The size of the U.S. correctional population reflects the large number of laws that prohibit many behaviors and the “get tough” approach to crime the United States has followed during the past several decades (Enns, 2016). The laws enacted by legislators and modified by court decisions define criminal and delinquent behavior and specify the sanctions imposed for violations. Over time, there has been an increasing reliance on law to regulate the activities and, thus, the lives of people. As the law has proliferated to incorporate more types of behavior, many changes in penalties for certain crimes have also occurred. These increases inevitably result in more social control and in further changes in the control methods. As more behaviors are defined as criminal, more acts become the interest of the police, the courts, and the prison system.

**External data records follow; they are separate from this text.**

lemma phase_extension_flow:
  assumes cov: "phase_covariant a f" and supp: "resonant_support a f"
    and z: "z \<in> Ehat" and l: "lh z > 0"
  shows "phase_extension a f (S h z) = phase_extension a f z * phase a h"
proof -
  obtain x' where x': "x' \<in> E" "hsim z x'" "lm x' = lh z" using obtain_point_on_circle[OF z l] .
  define L where "L = lm x'"
  have L0: "L > 0" using x' l L_def by simp
  define w where "w = S h z"
  have zw: "hsim z w" using flow_hsim[OF z l] w_def by simp
  have gw: "phase_extension a f w = f x' * phase a (Dh x' w)"
    using phase_extension_eq[OF cov supp hsim_trans[OF hsim_sym[OF zw] x'(2)] x'(1)] x' l by simp
  have gz: "phase_extension a f z = f x' * phase a (Dh x' z)"
    using phase_extension_eq[OF cov supp x'(2,1)] x' l by simp
  show ?thesis
  proof (cases "f x' = 0")
    case False
    have "circdist L (Dh x' w - (Dh x' z + h)) = 0"
    proof (rule circdist_eq_0_triangle[of L _ "Dh z w - h"])
      show "circdist L (Dh x' w - (Dh x' z + h) - (Dh z w - h)) = 0"
        using Deltahat_cocycle[OF hsim_sym[OF x'(2)] zw] lamhat_on_E[OF x'(1)] L_def L0
        by (simp add: algebra_simps)
      show "circdist L (Dh z w - h) = 0" using flow_Deltahat[OF z l, of h] x'(3) L_def w_def by simp
    qed (use L0 in simp)
    then have "phase a (Dh x' w) = phase a (Dh x' z + h)"
      using phase_eq_if_circdist_0[of L a] resonant_support_phase[OF supp x'(1) False] L0 L_def by simp
    then show ?thesis using gw gz phase_add w_def by simp
  qed (use gw gz w_def in simp)
qed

The term legalization is used to describe the process by which norms are moved from the social to the legal level. Not all social norms become laws; in fact, only certain norms are translated into legal norms. Why is it that the violation of only certain norms results in violations of the criminal code? In an influential formulation, Austin Turk (1972) wrote that several social forces are involved in the creation of legal norms: (1) moral indignation, (2) a high value on order, (3) response to threat, and (4) political tactics.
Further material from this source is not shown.